# Entries provided

*** Begin section ***

(* Let $n$ be a positive integer. Call a function $C:[n]^3\to\mathbb{Z}_{\ge 0}$ an SBC$(n)$ if its $3n^2$ line sums (the sums $\sum_{i} C(i,j,k)$ for fixed $(j,k)$, $\sum_{j} C(i,j,k)$ for fixed $(i,k)$, and $\sum_{k} C(i,j,k)$ for fixed $(i,j)$) are exactly the integers $0,1,\dots,3n^2-1$, each occurring once. If there exists an SBC$(n)$, then there exists an SBC$(mn)$ for every positive integer $m$.
   Context: $[n]=\{1,2,\dots,n\}$; indices in the line sums range over $[n]$. *)

theory Defs
  imports Main "HOL-Library.Multiset"
begin

text \<open>A function C : [n]^3 -> Z_{>=0} is modelled as C :: nat => nat => nat => nat,
  only its values on {1..n}^3 matter. The multiset of its 3n^2 line sums.\<close>

definition line_sums :: "nat \<Rightarrow> (nat \<Rightarrow> nat \<Rightarrow> nat \<Rightarrow> nat) \<Rightarrow> nat multiset" where
  "line_sums n C =
     image_mset (\<lambda>(j,k). \<Sum>i\<in>{1..n}. C i j k) (mset_set ({1..n} \<times> {1..n}))
   + image_mset (\<lambda>(i,k). \<Sum>j\<in>{1..n}. C i j k) (mset_set ({1..n} \<times> {1..n}))
   + image_mset (\<lambda>(i,j). \<Sum>k\<in>{1..n}. C i j k) (mset_set ({1..n} \<times> {1..n}))"

definition SBC :: "nat \<Rightarrow> (nat \<Rightarrow> nat \<Rightarrow> nat \<Rightarrow> nat) \<Rightarrow> bool" where
  "SBC n C \<longleftrightarrow> line_sums n C = mset [0..<3 * n^2]"

end

theory Submission
  imports Defs
begin

text \<open>Given an SBC(n) \<open>C\<close>, write a coordinate \<open>x \<in> [mn]\<close> as \<open>x = n * a + i\<close> with block
  \<open>a < m\<close> and offset \<open>i \<in> [n]\<close>. The SBC(mn) \<open>D\<close> is \<open>m\<^sup>2 * C(i, j, k)\<close> on the cells whose
  block triple \<open>(a, b, c)\<close> satisfies \<open>a + b + c \<equiv> 0 (mod m)\<close>, plus \<open>m * b + c\<close> on those of
  them whose offsets satisfy \<open>i + j + k \<equiv> 0 (mod n)\<close>, and \<open>0\<close> elsewhere. A line of \<open>[mn]\<^sup>3\<close>
  meets exactly one such block, and exactly one cell of the line inside it carries the extra
  term. Hence its sum is \<open>m\<^sup>2 * s + w\<close>, where \<open>s\<close> is the sum of the corresponding line of \<open>C\<close>
  and \<open>w < m\<^sup>2\<close> encodes the block position of the line. Lines correspond bijectively to
  pairs \<open>(s, w)\<close>, so the line sums of \<open>D\<close> are exactly \<open>0, \<dots>, 3m\<^sup>2n\<^sup>2 - 1\<close>.\<close>

lemma image_mset_mset_set_eq_iff_bij_betw:
  assumes "finite A" "finite B"
  shows "image_mset f (mset_set A) = mset_set B \<longleftrightarrow> bij_betw f A B"
proof
  assume eq: "image_mset f (mset_set A) = mset_set B"
  then have "f ` A = B"
    using assms by (metis finite_set_mset_mset_set set_image_mset)
  moreover have "card A = card B"
    using arg_cong[OF eq, of size] by simp
  ultimately show "bij_betw f A B"
    using assms(1) by (simp add: bij_betw_def eq_card_imp_inj_on)
next
  assume "bij_betw f A B"
  then show "image_mset f (mset_set A) = mset_set B"
    by (simp add: bij_betw_def image_mset_mset_set)
qed

lemma bij_betw_if_inj_on_card_eq:
  assumes "inj_on f A" "f ` A \<subseteq> B" "finite B" "card A = card B"
  shows "bij_betw f A B"
  using assms by (metis bij_betw_def card_image card_subset_eq)

lemma mset_set_insert_Times:
  assumes "finite D" "finite T" "d \<notin> D"
  shows "mset_set (insert d D \<times> T) = image_mset (Pair d) (mset_set T) + mset_set (D \<times> T)"
proof -
  have "insert d D \<times> T = Pair d ` T \<union> D \<times> T" by auto
  moreover have "Pair d ` T \<inter> D \<times> T = {}" using assms(3) by auto
  ultimately show ?thesis
    using assms(1,2) by (simp add: mset_set_Union image_mset_mset_set inj_on_def)
qed

lemma mult_add_less:
  fixes s w K S :: nat
  assumes "s < S" "w < K"
  shows "K * s + w < K * S"
proof -
  have "K * s + w < K * Suc s" using assms(2) by simp
  also have "\<dots> \<le> K * S" by (rule mult_le_mono2) (use assms(1) in simp)
  finally show ?thesis .
qed

lemma mult_add_eq_mult_add_iff:
  fixes s w s' w' K :: nat
  assumes "w < K" "w' < K"
  shows "K * s + w = K * s' + w' \<longleftrightarrow> s = s' \<and> w = w'"
  using assms by (metis add.commute div_mult_self1 less_nat_zero_code mod_mult_self2 mod_less
      div_less add_0 mult.commute)

definition line_sum :: "nat \<Rightarrow> (nat \<Rightarrow> nat \<Rightarrow> nat \<Rightarrow> nat) \<Rightarrow> nat \<times> nat \<times> nat \<Rightarrow> nat" where
  "line_sum n C = (\<lambda>(d, p, q).
     if d = 0 then \<Sum>i\<in>{1..n}. C i p q
     else if d = 1 then \<Sum>j\<in>{1..n}. C p j q
     else \<Sum>k\<in>{1..n}. C p q k)"

definition lines :: "nat \<Rightarrow> (nat \<times> nat \<times> nat) set" where
  "lines n = {0, 1, 2} \<times> {1..n} \<times> {1..n}"

lemma finite_lines [simp]: "finite (lines n)"
  by (simp add: lines_def)

lemma card_lines: "card (lines n) = 3 * n^2"
  by (simp add: lines_def card_cartesian_product power2_eq_square)

lemma line_sums_eq_image_mset: "line_sums n C = image_mset (line_sum n C) (mset_set (lines n))"
  by (simp add: line_sums_def lines_def mset_set_insert_Times line_sum_def
      image_mset.compositionality o_def case_prod_unfold)

lemma SBC_iff_bij_betw: "SBC n C \<longleftrightarrow> bij_betw (line_sum n C) (lines n) {..<3 * n^2}"
  by (simp add: SBC_def line_sums_eq_image_mset image_mset_mset_set_eq_iff_bij_betw
      atLeast0LessThan flip: mset_set_upto_eq_mset_upto)

definition neg_mod :: "nat \<Rightarrow> nat \<Rightarrow> nat" where
  "neg_mod m b = (m - b mod m) mod m"

lemma neg_mod_less: "0 < m \<Longrightarrow> neg_mod m b < m"
  by (simp add: neg_mod_def)

lemma add_mod_eq_0_iff:
  fixes a b m :: nat
  assumes "a < m"
  shows "(a + b) mod m = 0 \<longleftrightarrow> a = neg_mod m b"
proof (cases "b mod m = 0")
  case True
  then show ?thesis
    using assms by (metis neg_mod_def mod_add_right_eq add_0_right mod_less diff_zero mod_self)
next
  case False
  define r where "r = b mod m"
  have r: "0 < r" "r < m" using False assms by (simp_all add: r_def)
  have "(a + b) mod m = (a + r) mod m" by (simp add: r_def mod_add_right_eq)
  also have "\<dots> = 0 \<longleftrightarrow> a + r = m"
  proof (cases "a + r < m")
    case False
    then have "(a + r) mod m = a + r - m" using assms r by (simp add: le_mod_geq)
    then show ?thesis using False by simp
  qed (use r in simp)
  finally show ?thesis using r by (auto simp: neg_mod_def simp flip: r_def)
qed

lemma neg_mod_add_left_inj:
  assumes "u < m" "u' < m" "neg_mod m (u + v) = neg_mod m (u' + v)"
  shows "u = u'"
proof -
  have "w = neg_mod m (neg_mod m (w + v) + v)" if "w < m" for w
  proof -
    have "(neg_mod m (w + v) + (w + v)) mod m = 0"
      using add_mod_eq_0_iff[OF neg_mod_less] that by simp
    then show ?thesis
      using add_mod_eq_0_iff[OF that] by (metis add.left_commute)
  qed
  then show ?thesis using assms by metis
qed

lemma sum_if_add_mod_eq_0:
  fixes f :: "nat \<Rightarrow> 'a::comm_monoid_add"
  assumes "0 < m"
  shows "(\<Sum>a<m. if (a + b) mod m = 0 then f a else 0) = f (neg_mod m b)"
proof -
  have "(\<Sum>a<m. if (a + b) mod m = 0 then f a else 0) = (\<Sum>a<m. if a = neg_mod m b then f a else 0)"
    using add_mod_eq_0_iff by (intro sum.cong) auto
  also have "\<dots> = f (neg_mod m b)"
    using neg_mod_less[OF assms] by simp
  finally show ?thesis .
qed

definition block :: "nat \<Rightarrow> nat \<Rightarrow> nat" where
  "block n x = (x - 1) div n"

definition offset :: "nat \<Rightarrow> nat \<Rightarrow> nat" where
  "offset n x = (x - 1) mod n + 1"

lemma block_Suc_mult_add [simp]: "i < n \<Longrightarrow> block n (Suc (a * n + i)) = a"
  by (simp add: block_def)

lemma offset_Suc_mult_add [simp]: "i < n \<Longrightarrow> offset n (Suc (a * n + i)) = Suc i"
  by (simp add: offset_def)

lemma block_less: "x \<in> {1..m * n} \<Longrightarrow> block n x < m"
  by (auto simp: block_def less_mult_imp_div_less)

lemma offset_mem: "0 < n \<Longrightarrow> offset n x \<in> {1..n}"
  by (simp add: offset_def Suc_leI)

lemma block_offset_inj:
  assumes "1 \<le> x" "1 \<le> y" "block n x = block n y" "offset n x = offset n y"
  shows "x = y"
proof -
  have "block n z * n + offset n z = z" if "1 \<le> z" for z
    using that by (simp add: block_def offset_def)
  then show ?thesis using assms by metis
qed

lemma sum_blocks:
  fixes f :: "nat \<Rightarrow> 'a::comm_monoid_add"
  shows "(\<Sum>x\<in>{1..m * n}. f x) = (\<Sum>a<m. \<Sum>i<n. f (Suc (a * n + i)))"
proof -
  have "(\<Sum>x\<in>{1..m * n}. f x) = (\<Sum>x<m * n. f (Suc x))"
    by (simp add: sum.atLeast1_atMost_eq)
  also have "\<dots> = (\<Sum>a<m. \<Sum>x\<in>{a * n..<a * n + n}. f (Suc x))"
    by (simp add: sum.nat_group)
  also have "\<dots> = (\<Sum>a<m. \<Sum>i<n. f (Suc (a * n + i)))"
    by (simp add: sum.shift_bounds_nat_ivl[of _ 0, simplified] add.commute lessThan_atLeast0)
  finally show ?thesis .
qed

lemma sum_blocks_if_add_mod_eq_0:
  fixes K :: nat
  assumes "0 < m" "0 < n"
  shows "(\<Sum>x\<in>{1..m * n}. if (block n x + \<beta>) mod m = 0
      then K * F (offset n x) + (if (offset n x + \<gamma>) mod n = 0 then V (block n x) else 0)
      else 0)
    = K * (\<Sum>i\<in>{1..n}. F i) + V (neg_mod m \<beta>)"
proof -
  have inner: "(\<Sum>i<n. K * F (Suc i) + (if (i + Suc \<gamma>) mod n = 0 then V a else 0))
      = K * (\<Sum>i\<in>{1..n}. F i) + V a" for a
    using sum_if_add_mod_eq_0[OF assms(2), of "Suc \<gamma>" "\<lambda>_. V a"]
    by (simp add: sum.distrib sum_distrib_left sum.atLeast1_atMost_eq)
  have "(\<Sum>x\<in>{1..m * n}. if (block n x + \<beta>) mod m = 0
      then K * F (offset n x) + (if (offset n x + \<gamma>) mod n = 0 then V (block n x) else 0)
      else 0)
    = (\<Sum>a<m. \<Sum>i<n. if (a + \<beta>) mod m = 0
        then K * F (Suc i) + (if (i + Suc \<gamma>) mod n = 0 then V a else 0) else 0)"
    unfolding sum_blocks by (intro sum.cong refl) simp
  also have "\<dots> = (\<Sum>a<m. if (a + \<beta>) mod m = 0
        then \<Sum>i<n. K * F (Suc i) + (if (i + Suc \<gamma>) mod n = 0 then V a else 0) else 0)"
    by (intro sum.cong refl) auto
  also have "\<dots> = K * (\<Sum>i\<in>{1..n}. F i) + V (neg_mod m \<beta>)"
    by (simp only: inner sum_if_add_mod_eq_0[OF assms(1)])
  finally show ?thesis .
qed

definition blowup :: "nat \<Rightarrow> nat \<Rightarrow> (nat \<Rightarrow> nat \<Rightarrow> nat \<Rightarrow> nat) \<Rightarrow> nat \<Rightarrow> nat \<Rightarrow> nat \<Rightarrow> nat" where
  "blowup m n C x y z =
     (if (block n x + block n y + block n z) mod m = 0
      then m^2 * C (offset n x) (offset n y) (offset n z)
        + (if (offset n x + offset n y + offset n z) mod n = 0
           then m * block n y + block n z else 0)
      else 0)"

text \<open>The line in direction \<open>d\<close> through the blocks \<open>u, v\<close> meets exactly one block \<open>(a, b, c)\<close>
  with \<open>a + b + c \<equiv> 0 (mod m)\<close>; its code is \<open>m * b + c\<close>.\<close>

definition block_code :: "nat \<Rightarrow> nat \<Rightarrow> nat \<Rightarrow> nat \<Rightarrow> nat" where
  "block_code m d u v =
     (if d = 0 then m * u + v
      else if d = 1 then m * neg_mod m (u + v) + v
      else m * v + neg_mod m (u + v))"

lemma block_code_less:
  assumes "u < m" "v < m"
  shows "block_code m d u v < m^2"
  using assms neg_mod_less[of m]
  by (auto simp: block_code_def power2_eq_square intro: mult_add_less)

lemma block_code_inj:
  assumes "u < m" "v < m" "u' < m" "v' < m" "block_code m d u v = block_code m d u' v'"
  shows "u = u' \<and> v = v'"
  using assms neg_mod_less[of m]
  by (auto simp: block_code_def mult_add_eq_mult_add_iff split: if_splits
      dest: neg_mod_add_left_inj)

lemma line_sum_blowup:
  assumes "0 < m" "0 < n"
  shows "line_sum (m * n) (blowup m n C) (d, p, q)
    = m^2 * line_sum n C (d, offset n p, offset n q) + block_code m d (block n p) (block n q)"
proof -
  note sum_line = sum_blocks_if_add_mod_eq_0[OF assms, where K = "m^2"
      and \<beta> = "block n p + block n q" and \<gamma> = "offset n p + offset n q"]
  consider "d = 0" | "d = 1" | "d \<noteq> 0" "d \<noteq> 1" by blast
  then show ?thesis
  proof cases
    case 1
    then show ?thesis
      using sum_line[where F = "\<lambda>i. C i (offset n p) (offset n q)"
          and V = "\<lambda>_. m * block n p + block n q"]
      by (simp add: line_sum_def blowup_def block_code_def ac_simps cong: if_cong)
  next
    case 2
    then show ?thesis
      using sum_line[where F = "\<lambda>j. C (offset n p) j (offset n q)"
          and V = "\<lambda>b. m * b + block n q"]
      by (simp add: line_sum_def blowup_def block_code_def ac_simps cong: if_cong)
  next
    case 3
    then show ?thesis
      using sum_line[where F = "\<lambda>k. C (offset n p) (offset n q) k"
          and V = "\<lambda>c. m * block n q + c"]
      by (simp add: line_sum_def blowup_def block_code_def ac_simps cong: if_cong)
  qed
qed

lemma SBC_blowup:
  assumes "0 < m" "0 < n" "SBC n C"
  shows "SBC (m * n) (blowup m n C)"
proof -
  let ?L = "line_sum (m * n) (blowup m n C)"
  have bij: "bij_betw (line_sum n C) (lines n) {..<3 * n^2}"
    using assms(3) by (simp add: SBC_iff_bij_betw)
  have parts: "(d, offset n p, offset n q) \<in> lines n" "block n p < m" "block n q < m"
    if "(d, p, q) \<in> lines (m * n)" for d p q
    using that offset_mem[OF assms(2)] block_less by (auto simp: lines_def)
  have "(d, p, q) = (d', p', q')"
    if t: "(d, p, q) \<in> lines (m * n)" and t': "(d', p', q') \<in> lines (m * n)"
      and eq: "?L (d, p, q) = ?L (d', p', q')" for d p q d' p' q'
  proof -
    have "line_sum n C (d, offset n p, offset n q) = line_sum n C (d', offset n p', offset n q')"
      and code: "block_code m d (block n p) (block n q) = block_code m d' (block n p') (block n q')"
      using eq parts[OF t] parts[OF t'] block_code_less
      by (simp_all add: line_sum_blowup[OF assms(1,2)] mult_add_eq_mult_add_iff)
    then have offsets: "d = d'" "offset n p = offset n p'" "offset n q = offset n q'"
      using bij parts(1)[OF t] parts(1)[OF t'] by (auto simp: bij_betw_def dest: inj_onD)
    moreover have "block n p = block n p'" "block n q = block n q'"
      using block_code_inj code parts[OF t] parts[OF t'] offsets(1) by blast+
    ultimately show ?thesis
      using t t' by (auto simp: lines_def intro: block_offset_inj)
  qed
  then have "inj_on ?L (lines (m * n))"
    by (auto intro!: inj_onI)
  moreover have "?L ` lines (m * n) \<subseteq> {..<3 * (m * n)^2}"
  proof clarify
    fix d p q assume t: "(d, p, q) \<in> lines (m * n)"
    have "line_sum n C (d, offset n p, offset n q) < 3 * n^2"
      using bij parts(1)[OF t] by (auto simp: bij_betw_def)
    then have "?L (d, p, q) < m^2 * (3 * n^2)"
      using parts[OF t] by (simp add: line_sum_blowup[OF assms(1,2)] block_code_less mult_add_less)
    then show "?L (d, p, q) < 3 * (m * n)^2"
      by (simp add: power_mult_distrib ac_simps)
  qed
  ultimately show ?thesis
    by (simp add: SBC_iff_bij_betw bij_betw_if_inj_on_card_eq card_lines)
qed

theorem lemma2p1:
  fixes n :: nat
  assumes "n > 0"
    and "\<exists>C. SBC n C"
  shows "\<forall>m::nat. m > 0 \<longrightarrow> (\<exists>C. SBC (m * n) C)"
  using assms SBC_blowup by blast

end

*** End section ***

# Task details
Filter the entries above and keep only the lines with the word "gamma".

# Exercise output
      then K * F (offset n x) + (if (offset n x + \<gamma>) mod n = 0 then V (block n x) else 0)
  have inner: "(\<Sum>i<n. K * F (Suc i) + (if (i + Suc \<gamma>) mod n = 0 then V a else 0))
    using sum_if_add_mod_eq_0[OF assms(2), of "Suc \<gamma>" "\<lambda>_. V a"]
      then K * F (offset n x) + (if (offset n x + \<gamma>) mod n = 0 then V (block n x) else 0)
        then K * F (Suc i) + (if (i + Suc \<gamma>) mod n = 0 then V a else 0) else 0)"
        then \<Sum>i<n. K * F (Suc i) + (if (i + Suc \<gamma>) mod n = 0 then V a else 0) else 0)"
      and \<beta> = "block n p + block n q" and \<gamma> = "offset n p + offset n q"]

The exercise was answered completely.